Nothing should appear in the answer except the line containing "proof (rule that[of" and the lines following it through the end of the listing, each given exactly.

**Task input**.
[Start of Attachment]

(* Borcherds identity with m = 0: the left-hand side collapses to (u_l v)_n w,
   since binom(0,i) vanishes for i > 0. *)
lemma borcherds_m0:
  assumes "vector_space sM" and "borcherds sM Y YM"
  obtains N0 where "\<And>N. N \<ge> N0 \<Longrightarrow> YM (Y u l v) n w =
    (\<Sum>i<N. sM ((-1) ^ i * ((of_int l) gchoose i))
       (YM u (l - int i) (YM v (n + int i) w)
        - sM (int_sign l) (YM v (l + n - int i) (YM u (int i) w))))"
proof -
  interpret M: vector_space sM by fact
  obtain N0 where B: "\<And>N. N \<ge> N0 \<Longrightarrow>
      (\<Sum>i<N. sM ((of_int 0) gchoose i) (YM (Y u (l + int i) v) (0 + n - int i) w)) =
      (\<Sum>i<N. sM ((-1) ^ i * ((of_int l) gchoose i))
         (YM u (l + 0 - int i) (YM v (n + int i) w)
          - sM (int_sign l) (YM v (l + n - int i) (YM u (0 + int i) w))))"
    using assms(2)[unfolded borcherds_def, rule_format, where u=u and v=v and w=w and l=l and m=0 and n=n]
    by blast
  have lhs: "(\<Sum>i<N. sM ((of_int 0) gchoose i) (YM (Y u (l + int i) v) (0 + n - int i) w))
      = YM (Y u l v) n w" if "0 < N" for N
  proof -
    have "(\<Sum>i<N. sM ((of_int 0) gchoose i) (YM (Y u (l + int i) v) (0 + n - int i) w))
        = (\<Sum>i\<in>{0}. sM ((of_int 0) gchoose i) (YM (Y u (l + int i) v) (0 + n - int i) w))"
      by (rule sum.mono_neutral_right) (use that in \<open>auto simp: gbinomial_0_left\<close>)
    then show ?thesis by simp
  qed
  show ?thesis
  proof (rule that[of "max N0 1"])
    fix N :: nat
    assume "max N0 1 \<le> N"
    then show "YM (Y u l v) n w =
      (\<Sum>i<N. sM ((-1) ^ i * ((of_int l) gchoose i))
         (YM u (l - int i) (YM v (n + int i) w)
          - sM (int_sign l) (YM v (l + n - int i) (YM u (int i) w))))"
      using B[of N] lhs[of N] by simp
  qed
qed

[End of Attachment]

**Answer to the problem**.
  proof (rule that[of "max N0 1"])
    fix N :: nat
    assume "max N0 1 \<le> N"
    then show "YM (Y u l v) n w =
      (\<Sum>i<N. sM ((-1) ^ i * ((of_int l) gchoose i))
         (YM u (l - int i) (YM v (n + int i) w)
          - sM (int_sign l) (YM v (l + n - int i) (YM u (int i) w))))"
      using B[of N] lhs[of N] by simp
  qed
qed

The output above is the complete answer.